Babies born with Type 1 Usher syndrome:
- Are almost totally deaf at birth.
- Have severe balance problems.
- Sit without support at a later age than normal (normal is at 6 – 9 months old).
- Are late walkers (18-24 months).
- Develop vision problems before age 10, usually in early childhood.
- Begins with night vision problems.
- Progresses quickly to total blindness.
- May not benefit from hearing aids (devices that make sound louder). They may be candidates for cochlear implants (a surgically placed device that sends sound directly from ear to stimulate the hearing nerve).
Babies born with type 2 Usher syndrome:
- Have moderate to severe hearing loss at birth.
- Have normal balance.
- Can benefit from hearing aids.
- Develop night vision problems as teenagers.
- Progresses more slowly.
- Does not result in total blindness.
Babies born with type 3 Usher syndrome:
- Have normal hearing at birth.
- Have almost normal balance.
- Sometimes have balance problems later on.
- Have gradual hearing and vision loss.
- Rate of loss differs among children.
- Hearing loss is apparent by teens.
- Can benefit from hearing aids after hearing loss begins.
- Night blindness starts in puberty.
- Blind spots occur by late teens/young adulthood.
- Total blindness by middle age.
What causes Usher syndrome?
Scientists now know that Usher syndrome is inherited, which means it is passed from parents to children, and is caused by changes, called mutations, in genes. Genes are the chemically coded instructions in cells that tell cells what to do. The human body contains 20,000 to 25,000 genes. Every person has two copies of each gene, one from each parent.

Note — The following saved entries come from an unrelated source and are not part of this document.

(* $\displaystyle\lim_{m\to\infty} csd(\mathbb{Z}_2\times Q_{2^{m+1}})=0.$
   Context: For a finite group $G$, $L_1(G)$ is the set of cyclic subgroups of $G$ and $csd(G)=\frac{1}{|L_1(G)|^2}|\{(H,K)\in L_1(G)^2: HK=KH\}|$. $Q_{2^{m+1}}=\langle x,y\mid x^{2^m}=e,\ y^2=x^{2^{m-1}},\ y^{-1}xy=x^{-1}\rangle$ is the generalized quaternion group of order $2^{m+1}$ ($m\geq 2$). *)

theory Defs
  imports "HOL-Algebra.Algebra" "HOL-Analysis.Analysis"
begin

definition cyclic_subgroups :: "('a, 'b) monoid_scheme \<Rightarrow> 'a set set" where
  "cyclic_subgroups G = {generate G {g} | g. g \<in> carrier G}"

definition csd :: "('a, 'b) monoid_scheme \<Rightarrow> real" where
  "csd G = real (card {(H, K). H \<in> cyclic_subgroups G \<and> K \<in> cyclic_subgroups G
                          \<and> H <#>\<^bsub>G\<^esub> K = K <#>\<^bsub>G\<^esub> H})
           / (real (card (cyclic_subgroups G)))^2"

text \<open>Concrete model of the generalized quaternion group Q_{2^(m+1)}:
  the pair (i, a) with 0 \<le> i < 2^m, a \<in> {0,1} stands for x^i y^a.
  Relations: x^(2^m) = e, y^2 = x^(2^(m-1)), y^-1 x y = x^-1 (so y x^j = x^-j y).\<close>
definition quat_mult :: "nat \<Rightarrow> nat \<times> nat \<Rightarrow> nat \<times> nat \<Rightarrow> nat \<times> nat" where
  "quat_mult m p q = (case p of (i, a) \<Rightarrow> case q of (j, b) \<Rightarrow>
     (if a = 0 then ((i + j) mod 2^m, b)
      else if b = 0 then ((i + (2^m - j)) mod 2^m, 1)
      else ((i + (2^m - j) + 2^(m-1)) mod 2^m, 0)))"

definition quaternion_group :: "nat \<Rightarrow> (nat \<times> nat) monoid" where
  "quaternion_group m = \<lparr>carrier = {0..<2^m} \<times> {0..<2}, monoid.mult = quat_mult m, one = (0, 0)\<rparr>"

end

theory Submission
  imports Defs "HOL-Number_Theory.Cong" "HOL-Real_Asymp.Real_Asymp"
begin

(*
  Write x^k and x^k y for the elements of Q_{2^(m+1)}. A cyclic subgroup of Z_2 \<times> Q_{2^(m+1)} is
  generated either by some (c, x^k), and then equally by (c, x^(2^v)) with v \<le> m, since odd multiples
  of the exponent generate the same subgroup; or by some (c, x^a y), and then it is
  {1, (c, x^a y), (0, x^(2^(m-1))), (c, x^(a+2^(m-1)) y)}. So there are at most 2(m+1) subgroups of the
  first kind, and at least 2^(m-1) cyclic subgroups altogether. If two subgroups of the second kind
  permute, then (d, x^b y)(c, x^a y) factors through them, which forces 2^m to divide 4(a - b); hence
  they account for only O(2^m) permuting pairs. Altogether csd \<le> (8m + 72) / 2^m.
*)

lemma mod_add_modulus_minus_mod:
  "((x::int) mod n + (n - y mod n) + z) mod n = (x - y + z) mod n"
  by (smt (verit, best) minus_mod_self2 mod_add_left_eq mod_diff_left_eq mod_diff_right_eq)

lemma mod_plus_div_mult_of_dvd_diff:
  fixes a b q k :: int
  assumes "0 < q" "b \<in> {0..<k * q}" "q dvd a - b"
  shows "b = a mod q + (b div q) * q" "b div q \<in> {0..<k}"
proof -
  have "a mod q = b mod q"
    using assms(3) by (simp add: mod_eq_dvd_iff)
  then show "b = a mod q + (b div q) * q"
    by simp
  have "q * (b div q) \<le> b"
    using assms(1) by (smt (verit) div_mult_mod_eq pos_mod_sign mult.commute)
  then have "q * (b div q) < q * k"
    using assms(2) by (simp add: mult.commute)
  then show "b div q \<in> {0..<k}"
    using assms(1,2) by (simp add: pos_imp_zdiv_nonneg_iff)
qed

lemma (in group) generate_eq_pow_lessThan:
  assumes "finite (carrier G)" "a \<in> carrier G" "a [^] (n::nat) = \<one>" "n > 0"
  shows "generate G {a} = (\<lambda>k. a [^] k) ` {..<n}"
proof -
  have pow_mod: "a [^] k = a [^] (k mod n)" for k :: nat
  proof -
    have "a [^] k = a [^] (n * (k div n) + k mod n)"
      by simp
    also have "\<dots> = (a [^] n) [^] (k div n) \<otimes> a [^] (k mod n)"
      using assms(2) by (simp add: nat_pow_mult nat_pow_pow)
    finally show ?thesis
      using assms(2,3) by simp
  qed
  have "a [^] k \<in> (\<lambda>k. a [^] k) ` {..<n}" for k :: nat
    using assms(4) by (intro image_eqI[where f = "\<lambda>k. a [^] k", OF pow_mod]) simp
  then show ?thesis
    by (auto simp: generate_pow_on_finite_carrier[OF assms(1,2)])
qed

lemma (in group) generate_eq_if_pow:
  assumes "x \<in> carrier G" "y \<in> carrier G" "x = y [^] (k::nat)" "y = x [^] (l::nat)"
  shows "generate G {x} = generate G {y}"
proof -
  have pow_mem: "z [^] (n::nat) \<in> generate G {z}" if "z \<in> carrier G" for z n
  proof -
    have "z [^] int n \<in> generate G {z}"
      using generate_pow[OF that] by blast
    then show ?thesis
      by (simp add: int_pow_int)
  qed
  have "x \<in> generate G {y}"
    using pow_mem[OF assms(2), of k] by (simp add: assms(3))
  moreover have "y \<in> generate G {x}"
    using pow_mem[OF assms(1), of l] by (simp add: assms(4))
  ultimately show ?thesis
    using assms(1,2) by (intro subset_antisym generate_subgroup_incl generate_is_subgroup) auto
qed

lemma pow_DirProd: "(g, h) [^]\<^bsub>G \<times>\<times> H\<^esub> (n::nat) = (g [^]\<^bsub>G\<^esub> n, h [^]\<^bsub>H\<^esub> n)"
  by (induction n) auto

lemma finite_cyclic_subgroups: "finite (carrier G) \<Longrightarrow> finite (cyclic_subgroups G)"
  by (simp add: cyclic_subgroups_def setcompr_eq_image)

definition permuting_cyclic_pairs :: "('a, 'b) monoid_scheme \<Rightarrow> ('a set \<times> 'a set) set" where
  "permuting_cyclic_pairs G = {(H, K). H \<in> cyclic_subgroups G \<and> K \<in> cyclic_subgroups G
     \<and> H <#>\<^bsub>G\<^esub> K = K <#>\<^bsub>G\<^esub> H}"

lemma csd_eq: "csd G = real (card (permuting_cyclic_pairs G)) / real (card (cyclic_subgroups G))^2"
  by (simp add: csd_def permuting_cyclic_pairs_def)

lemma card_pairs_le:
  assumes "finite C" "finite R" "finite E" "C \<subseteq> R \<union> Y"
    and "\<And>H K. H \<in> Y \<Longrightarrow> K \<in> Y \<Longrightarrow> P H K \<Longrightarrow> (H, K) \<in> f ` E"
  shows "card {(H, K). H \<in> C \<and> K \<in> C \<and> P H K} \<le> 2 * card R * card C + card E"
proof -
  let ?S = "{(H, K). H \<in> C \<and> K \<in> C \<and> P H K}"
  have "?S \<subseteq> (R \<times> C \<union> C \<times> R) \<union> f ` E"
    using assms(4,5) by blast
  then have "card ?S \<le> card ((R \<times> C \<union> C \<times> R) \<union> f ` E)"
    using assms(1-3) by (intro card_mono) auto
  also have "\<dots> \<le> card (R \<times> C \<union> C \<times> R) + card (f ` E)"
    by (rule card_Un_le)
  also have "\<dots> \<le> card (R \<times> C) + card (C \<times> R) + card E"
    by (intro add_mono card_Un_le card_image_le assms(3))
  finally show ?thesis
    by (simp add: card_cartesian_product algebra_simps)
qed

lemma divide_square_le:
  fixes S N L A B :: real
  assumes "S \<le> A * N + B" "0 < L" "L \<le> N" "0 \<le> A" "0 \<le> B"
  shows "S / N^2 \<le> A / L + B / L^2"
proof -
  have "S / N^2 \<le> (A * N + B) / N^2"
    using assms(1) by (simp add: divide_right_mono)
  also have "\<dots> = A / N + B / N^2"
    using assms(2,3) by (simp add: field_simps power2_eq_square)
  also have "\<dots> \<le> A / L + B / L^2"
    using assms(2-5) by (intro add_mono divide_left_mono power_mono mult_pos_pos) auto
  finally show ?thesis .
qed

section \<open>The generalized quaternion group\<close>

(* quat_rot m k and quat_refl m k are x^k and x^k y in the encoding of quaternion_group. *)
definition quat_rot :: "nat \<Rightarrow> int \<Rightarrow> nat \<times> nat" where
  "quat_rot m k = (nat (k mod 2^m), 0)"

definition quat_refl :: "nat \<Rightarrow> int \<Rightarrow> nat \<times> nat" where
  "quat_refl m k = (nat (k mod 2^m), 1)"

lemma nat_mod_eqI: "int n = x mod 2^m \<Longrightarrow> n = nat (x mod 2^m)"
  by simp

lemma nat_mod_two_pow_less: "nat (x mod 2^m) < 2^m"
  by (simp add: nat_less_iff)

lemma int_two_pow_minus_nat_mod: "int (2^m - nat (x mod 2^m)) = 2^m - x mod 2^m"
  using less_imp_le[OF nat_mod_two_pow_less[of x m]] by (simp add: of_nat_diff)

lemma quat_mult_rot_rot [simp]:
  "quat_mult m (quat_rot m a) (quat_rot m b) = quat_rot m (a + b)"
  unfolding quat_mult_def quat_rot_def
  by (simp, rule nat_mod_eqI) (simp add: zmod_int mod_add_eq)

lemma quat_mult_rot_refl [simp]:
  "quat_mult m (quat_rot m a) (quat_refl m b) = quat_refl m (a + b)"
  unfolding quat_mult_def quat_rot_def quat_refl_def
  by (simp, rule nat_mod_eqI) (simp add: zmod_int mod_add_eq)

lemma quat_mult_refl_rot [simp]:
  "quat_mult m (quat_refl m a) (quat_rot m b) = quat_refl m (a - b)"
proof -
  have "(nat (a mod 2^m) + (2^m - nat (b mod 2^m))) mod 2^m = nat ((a - b) mod 2^m)"
    by (intro nat_mod_eqI) (simp add: zmod_int int_two_pow_minus_nat_mod mod_add_modulus_minus_mod[where z=0, simplified])
  then show ?thesis
    by (simp add: quat_mult_def quat_rot_def quat_refl_def)
qed

lemma quat_mult_refl_refl [simp]:
  "quat_mult m (quat_refl m a) (quat_refl m b) = quat_rot m (a - b + 2^(m-1))"
proof -
  have "(nat (a mod 2^m) + (2^m - nat (b mod 2^m)) + 2^(m-1)) mod 2^m = nat ((a - b + 2^(m-1)) mod 2^m)"
    by (intro nat_mod_eqI) (simp add: zmod_int int_two_pow_minus_nat_mod mod_add_modulus_minus_mod)
  then show ?thesis
    by (simp add: quat_mult_def quat_rot_def quat_refl_def)
qed

lemma quat_rot_eq_iff: "quat_rot m a = quat_rot m b \<longleftrightarrow> [a = b] (mod 2^m)"
  by (auto simp: quat_rot_def cong_def nat_eq_iff2)

lemma quat_refl_eq_iff: "quat_refl m a = quat_refl m b \<longleftrightarrow> [a = b] (mod 2^m)"
  by (auto simp: quat_refl_def cong_def nat_eq_iff2)

lemma quat_rot_neq_refl [simp]: "quat_rot m a \<noteq> quat_refl m b" "quat_refl m b \<noteq> quat_rot m a"
  by (simp_all add: quat_rot_def quat_refl_def)

lemma quat_rot_zero: "quat_rot m 0 = (0, 0)"
  by (simp add: quat_rot_def)

lemma carrier_quaternion_group:
  "carrier (quaternion_group m) = range (quat_rot m) \<union> range (quat_refl m)"
proof -
  have "(i, a) \<in> range (quat_rot m) \<union> range (quat_refl m)" if "i < 2^m" "a < 2" for i a
  proof -
    have "i = nat (int i mod 2^m)"
      using that(1) by (simp flip: of_nat_power zmod_int)
    then show ?thesis
      using that(2) by (auto simp: quat_rot_def quat_refl_def less_2_cases_iff)
  qed
  then show ?thesis
    by (auto simp: quaternion_group_def) (auto simp: quat_rot_def quat_refl_def nat_mod_two_pow_less)
qed

lemma two_pow_dvd_double_half: "(2::int)^m dvd 2 * 2^(m-1)"
  by (cases m) simp_all

lemma mult_quaternion_group [simp]: "x \<otimes>\<^bsub>quaternion_group m\<^esub> y = quat_mult m x y"
  by (simp add: quaternion_group_def)

lemma one_quaternion_group [simp]: "\<one>\<^bsub>quaternion_group m\<^esub> = quat_rot m 0"
  by (simp add: quaternion_group_def quat_rot_zero)

lemma group_quaternion_group: "group (quaternion_group m)"
proof (rule groupI)
  let ?Q = "quaternion_group m"
  show "x \<otimes>\<^bsub>?Q\<^esub> y \<in> carrier ?Q" if "x \<in> carrier ?Q" "y \<in> carrier ?Q" for x y
    using that by (auto simp: carrier_quaternion_group)
  show "\<one>\<^bsub>?Q\<^esub> \<in> carrier ?Q"
    by (simp add: carrier_quaternion_group)
  show "x \<otimes>\<^bsub>?Q\<^esub> y \<otimes>\<^bsub>?Q\<^esub> z = x \<otimes>\<^bsub>?Q\<^esub> (y \<otimes>\<^bsub>?Q\<^esub> z)"
    if "x \<in> carrier ?Q" "y \<in> carrier ?Q" "z \<in> carrier ?Q" for x y z
    using that two_pow_dvd_double_half[of m]
    by (auto simp: carrier_quaternion_group quat_rot_eq_iff quat_refl_eq_iff
        cong_iff_dvd_diff algebra_simps)
  show "\<one>\<^bsub>?Q\<^esub> \<otimes>\<^bsub>?Q\<^esub> x = x" if "x \<in> carrier ?Q" for x
    using that by (auto simp: carrier_quaternion_group )
  show "\<exists>y\<in>carrier ?Q. y \<otimes>\<^bsub>?Q\<^esub> x = \<one>\<^bsub>?Q\<^esub>" if "x \<in> carrier ?Q" for x
  proof -
    from that consider (rot) a where "x = quat_rot m a" | (refl) a where "x = quat_refl m a"
      by (auto simp: carrier_quaternion_group)
    then show ?thesis
    proof cases
      case rot
      then show ?thesis
        by (intro bexI[of _ "quat_rot m (- a)"]) (simp_all add:  carrier_quaternion_group)
    next
      case refl
      have "quat_mult m (quat_refl m (a + 2^(m-1))) (quat_refl m a) = quat_rot m 0"
        using two_pow_dvd_double_half[of m] by (simp add: quat_rot_eq_iff cong_iff_dvd_diff)
      then show ?thesis
        using refl by (intro bexI[of _ "quat_refl m (a + 2^(m-1))"])
          (simp_all add:  carrier_quaternion_group)
    qed
  qed
qed

section \<open>Cyclic subgroups of Z2 \<times> Q\<close>

abbreviation Z2Q :: "nat \<Rightarrow> (int \<times> nat \<times> nat) monoid" where
  "Z2Q m \<equiv> integer_mod_group 2 \<times>\<times> quaternion_group m"

lemma group_Z2Q: "group (Z2Q m)"
  by (simp add: DirProd_group group_quaternion_group)

lemma carrier_integer_mod_group_two [simp]: "carrier (integer_mod_group 2) = {0, 1}"
  by (auto simp: carrier_integer_mod_group)

lemma finite_carrier_Z2Q: "finite (carrier (Z2Q m))"
  by (simp add: carrier_integer_mod_group quaternion_group_def)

Usher syndrome is an autosomal recessive disorder. This means:
- Males and females can both be affected by the condition.
- Both parents carry a mutated gene but do not have Usher syndrome themselves.
- A baby can get either the mutated gene or the normal gene from each parent.
- A child who gets a mutated gene from each parent will have Usher syndrome. The chance that a child from two parents who each have an Usher gene will have Usher syndrome is 1 in 4.
What causes vision loss in Usher syndrome?
The retina is a tissue at the back of the eye that is needed for vision. The gene mutation in Usher syndrome affects the retina's light-sensing cells called rods and cones. This condition is called retinitis pigmentosa or RP.
In RP, the retina's light-sensing rods and cones slowly go bad, starting at the outer edges. As RP gets worse, the person loses peripheral (edges) vision first then central vision.
What causes hearing loss in Usher syndrome?
The cochlea is a spiral structure in the inner ear that transmits sound. In Usher syndrome, the gene mutation affects the nerve cells in the cochlea so they do not transmit sound normally.